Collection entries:
(* For all positive integers $d,m,r$ and every $\varepsilon>0$, $\mathbf{n}_{\mathrm{pol}}(d,m,r,\varepsilon)=\mathbf{n}_\infty(d,m,r,\varepsilon)$.
   Context: Spaces are real finite-dimensional normed spaces. A finite-dimensional normed space $F$ is polyhedral if its closed unit ball has finitely many extreme points; $\mathrm{Pol}_d$ is the class of polyhedral spaces $F$ whose dual unit ball $B_{F^*}$ has exactly $2d$ extreme points (e.g. $\ell_\infty^d\in\mathrm{Pol}_d$). $\mathrm{Emb}(X,Y)$ is the set of linear isometric embeddings with the operator-norm metric. An $r$-coloring is a map into $\{0,\dots,r-1\}$; a subset $F$ of the colored space $M$ is $\varepsilon$-monochromatic if for some color $i$ every element of $F$ is within distance $\varepsilon$ of an element of $M$ of color $i$. $\mathbf{n}_\infty(d,m,r,\varepsilon)$ is the least $n$ such that every $r$-coloring of $\mathrm{Emb}(\ell_\infty^d,\ell_\infty^n)$ has an $\varepsilon$-monochromatic set $\gamma\circ\mathrm{Emb}(\ell_\infty^d,\ell_\infty^m)$ for some $\gamma\in\mathrm{Emb}(\ell_\infty^m,\ell_\infty^n)$. $\mathbf{n}_{\mathrm{pol}}(d,m,r,\varepsilon)$ is the least $n\ge m$ such that for all $F\in\mathrm{Pol}_d$ and $G\in\mathrm{Pol}_m$, every $r$-coloring of $\mathrm{Emb}(F,\ell_\infty^n)$ has an $\varepsilon$-monochromatic set $T\circ\mathrm{Emb}(F,G)$ for some $T\in\mathrm{Emb}(G,\ell_\infty^n)$. *)

theory Defs
  imports Complex_Main "HOL-Library.Extended_Nat"
begin

text \<open>Every finite-dimensional real normed space is isometric to
a space (vec k, N): the vectors x :: nat => real supported on {..<k}, with a norm N
on that space. All notions below (embeddings, operator-norm distance, extreme points)
are isometry invariant. Linear maps vec k -> vec l are represented by matrices
A :: nat => nat => real with A i j = 0 unless i < l and j < k.\<close>

definition vec :: "nat \<Rightarrow> (nat \<Rightarrow> real) set" where
  "vec k = {x. \<forall>i\<ge>k. x i = 0}"

definition is_norm :: "nat \<Rightarrow> ((nat \<Rightarrow> real) \<Rightarrow> real) \<Rightarrow> bool" where
  "is_norm k N \<longleftrightarrow>
     (\<forall>x\<in>vec k. 0 \<le> N x) \<and>
     (\<forall>x\<in>vec k. N x = 0 \<longrightarrow> x = (\<lambda>i. 0)) \<and>
     (\<forall>x\<in>vec k. \<forall>c. N (\<lambda>i. c * x i) = \<bar>c\<bar> * N x) \<and>
     (\<forall>x\<in>vec k. \<forall>y\<in>vec k. N (\<lambda>i. x i + y i) \<le> N x + N y)"

definition linf :: "nat \<Rightarrow> (nat \<Rightarrow> real) \<Rightarrow> real" where
  "linf n x = Max (insert 0 ((\<lambda>i. \<bar>x i\<bar>) ` {..<n}))"

definition is_mat :: "nat \<Rightarrow> nat \<Rightarrow> (nat \<Rightarrow> nat \<Rightarrow> real) \<Rightarrow> bool" where
  "is_mat l k A \<longleftrightarrow> (\<forall>i j. (l \<le> i \<or> k \<le> j) \<longrightarrow> A i j = 0)"

definition mapply :: "nat \<Rightarrow> (nat \<Rightarrow> nat \<Rightarrow> real) \<Rightarrow> (nat \<Rightarrow> real) \<Rightarrow> (nat \<Rightarrow> real)" where
  "mapply k A x = (\<lambda>i. \<Sum>j<k. A i j * x j)"

definition mcomp :: "nat \<Rightarrow> (nat \<Rightarrow> nat \<Rightarrow> real) \<Rightarrow> (nat \<Rightarrow> nat \<Rightarrow> real) \<Rightarrow> (nat \<Rightarrow> nat \<Rightarrow> real)" where
  "mcomp k B A = (\<lambda>i j. \<Sum>p<k. B i p * A p j)"

definition Emb :: "nat \<Rightarrow> ((nat \<Rightarrow> real) \<Rightarrow> real) \<Rightarrow> nat \<Rightarrow> ((nat \<Rightarrow> real) \<Rightarrow> real)
                   \<Rightarrow> (nat \<Rightarrow> nat \<Rightarrow> real) set" where
  "Emb k N l M = {A. is_mat l k A \<and> (\<forall>x\<in>vec k. M (mapply k A x) = N x)}"

definition opdist :: "nat \<Rightarrow> ((nat \<Rightarrow> real) \<Rightarrow> real) \<Rightarrow> ((nat \<Rightarrow> real) \<Rightarrow> real)
                      \<Rightarrow> (nat \<Rightarrow> nat \<Rightarrow> real) \<Rightarrow> (nat \<Rightarrow> nat \<Rightarrow> real) \<Rightarrow> real" where
  "opdist k N M A B =
     Sup {M (mapply k (\<lambda>i j. A i j - B i j) x) | x. x \<in> vec k \<and> N x \<le> 1}"

definition extreme_pt :: "(nat \<Rightarrow> real) \<Rightarrow> (nat \<Rightarrow> real) set \<Rightarrow> bool" where
  "extreme_pt x S \<longleftrightarrow> x \<in> S \<and>
     (\<forall>a\<in>S. \<forall>b\<in>S. \<forall>t. 0 < t \<and> t < 1 \<and> x = (\<lambda>i. (1 - t) * a i + t * b i) \<longrightarrow> a = b)"

definition unit_ball :: "nat \<Rightarrow> ((nat \<Rightarrow> real) \<Rightarrow> real) \<Rightarrow> (nat \<Rightarrow> real) set" where
  "unit_ball k N = {x \<in> vec k. N x \<le> 1}"

text \<open>Dual space represented by coefficient vectors phi, acting as x |-> sum phi_j x_j.\<close>
definition dual_norm :: "nat \<Rightarrow> ((nat \<Rightarrow> real) \<Rightarrow> real) \<Rightarrow> (nat \<Rightarrow> real) \<Rightarrow> real" where
  "dual_norm k N \<phi> = Sup {\<bar>\<Sum>j<k. \<phi> j * x j\<bar> | x. x \<in> vec k \<and> N x \<le> 1}"

definition dual_ball :: "nat \<Rightarrow> ((nat \<Rightarrow> real) \<Rightarrow> real) \<Rightarrow> (nat \<Rightarrow> real) set" where
  "dual_ball k N = {\<phi> \<in> vec k. dual_norm k N \<phi> \<le> 1}"

definition polyhedral :: "nat \<Rightarrow> ((nat \<Rightarrow> real) \<Rightarrow> real) \<Rightarrow> bool" where
  "polyhedral k N \<longleftrightarrow> is_norm k N \<and> finite {x. extreme_pt x (unit_ball k N)}"

definition Pol :: "nat \<Rightarrow> nat \<Rightarrow> ((nat \<Rightarrow> real) \<Rightarrow> real) \<Rightarrow> bool" where
  "Pol d k N \<longleftrightarrow> polyhedral k N \<and>
     finite {\<phi>. extreme_pt \<phi> (dual_ball k N)} \<and>
     card {\<phi>. extreme_pt \<phi> (dual_ball k N)} = 2 * d"

definition coloring :: "('a \<Rightarrow> nat) \<Rightarrow> nat \<Rightarrow> 'a set \<Rightarrow> bool" where
  "coloring c r M \<longleftrightarrow> (\<forall>A\<in>M. c A < r)"

definition eps_mono :: "('a \<Rightarrow> nat) \<Rightarrow> nat \<Rightarrow> ('a \<Rightarrow> 'a \<Rightarrow> real) \<Rightarrow> real \<Rightarrow> 'a set \<Rightarrow> 'a set \<Rightarrow> bool" where
  "eps_mono c r dst \<epsilon> M S \<longleftrightarrow> (\<exists>i<r. \<forall>s\<in>S. \<exists>t\<in>M. c t = i \<and> dst s t \<le> \<epsilon>)"

definition least_enat :: "(nat \<Rightarrow> bool) \<Rightarrow> enat" where
  "least_enat P = (if \<exists>n. P n then enat (LEAST n. P n) else \<infinity>)"

definition n_inf_prop :: "nat \<Rightarrow> nat \<Rightarrow> nat \<Rightarrow> real \<Rightarrow> nat \<Rightarrow> bool" where
  "n_inf_prop d m r \<epsilon> n \<longleftrightarrow>
     (\<forall>c. coloring c r (Emb d (linf d) n (linf n)) \<longrightarrow>
        (\<exists>\<gamma>\<in>Emb m (linf m) n (linf n).
           eps_mono c r (opdist d (linf d) (linf n)) \<epsilon> (Emb d (linf d) n (linf n))
             (mcomp m \<gamma> ` Emb d (linf d) m (linf m))))"

definition n_inf :: "nat \<Rightarrow> nat \<Rightarrow> nat \<Rightarrow> real \<Rightarrow> enat" where
  "n_inf d m r \<epsilon> = least_enat (n_inf_prop d m r \<epsilon>)"

definition n_pol_prop :: "nat \<Rightarrow> nat \<Rightarrow> nat \<Rightarrow> real \<Rightarrow> nat \<Rightarrow> bool" where
  "n_pol_prop d m r \<epsilon> n \<longleftrightarrow> m \<le> n \<and>
     (\<forall>kF NF kG NG. Pol d kF NF \<longrightarrow> Pol m kG NG \<longrightarrow>
       (\<forall>c. coloring c r (Emb kF NF n (linf n)) \<longrightarrow>
          (\<exists>T\<in>Emb kG NG n (linf n).
             eps_mono c r (opdist kF NF (linf n)) \<epsilon> (Emb kF NF n (linf n))
               (mcomp kG T ` Emb kF NF kG NG))))"

definition n_pol :: "nat \<Rightarrow> nat \<Rightarrow> nat \<Rightarrow> real \<Rightarrow> enat" where
  "n_pol d m r \<epsilon> = least_enat (n_pol_prop d m r \<epsilon>)"

end

theory Submission
  imports Defs "HOL-Analysis.Function_Metric"
begin

(* If the dual ball of F has the 2d extreme points +-phi_1, ..., +-phi_d, then the map
   x |-> (phi_i x)_i is an isometric embedding iota_F of F into l_infinity^d; and l_infinity^d
   itself lies in Pol_d.  So the Ramsey property for the pair (l_infinity^d, l_infinity^m) is a
   special case of the one for (F, G).  Conversely, a colouring of Emb(F, l_infinity^n) is
   pulled back along iota_F to a colouring of Emb(l_infinity^d, l_infinity^n).  The key point is
   that every U in Emb(F, G) lifts to some V in Emb(l_infinity^d, l_infinity^m) with
   V iota_F = iota_G U: the functionals psi_j o U, where +-psi_j are the extreme points of the
   dual ball of G, norm F, so the dual ball of F is their absolutely convex hull; hence each
   phi_i is +-(psi_j o U) for some j, and each psi_j o U is an l_1-combination of the phi_i.
   Since precomposition with the isometry iota_F does not increase operator distances,
   epsilon-monochromatic sets transfer. *)

definition dot :: "nat \<Rightarrow> (nat \<Rightarrow> real) \<Rightarrow> (nat \<Rightarrow> real) \<Rightarrow> real" where
  "dot k \<phi> x = (\<Sum>j<k. \<phi> j * x j)"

== Your assignment ==
Please copy the lines above from the line with "on that space." up to and including the line with "k A \<longleftrightarrow>", exactly as written and with nothing else.

== Solution to this task ==
on that space. All notions below (embeddings, operator-norm distance, extreme points)
are isometry invariant. Linear maps vec k -> vec l are represented by matrices
A :: nat => nat => real with A i j = 0 unless i < l and j < k.\<close>

definition vec :: "nat \<Rightarrow> (nat \<Rightarrow> real) set" where
  "vec k = {x. \<forall>i\<ge>k. x i = 0}"

definition is_norm :: "nat \<Rightarrow> ((nat \<Rightarrow> real) \<Rightarrow> real) \<Rightarrow> bool" where
  "is_norm k N \<longleftrightarrow>
     (\<forall>x\<in>vec k. 0 \<le> N x) \<and>
     (\<forall>x\<in>vec k. N x = 0 \<longrightarrow> x = (\<lambda>i. 0)) \<and>
     (\<forall>x\<in>vec k. \<forall>c. N (\<lambda>i. c * x i) = \<bar>c\<bar> * N x) \<and>
     (\<forall>x\<in>vec k. \<forall>y\<in>vec k. N (\<lambda>i. x i + y i) \<le> N x + N y)"

definition linf :: "nat \<Rightarrow> (nat \<Rightarrow> real) \<Rightarrow> real" where
  "linf n x = Max (insert 0 ((\<lambda>i. \<bar>x i\<bar>) ` {..<n}))"

definition is_mat :: "nat \<Rightarrow> nat \<Rightarrow> (nat \<Rightarrow> nat \<Rightarrow> real) \<Rightarrow> bool" where
  "is_mat l k A \<longleftrightarrow> (\<forall>i j. (l \<le> i \<or> k \<le> j) \<longrightarrow> A i j = 0)"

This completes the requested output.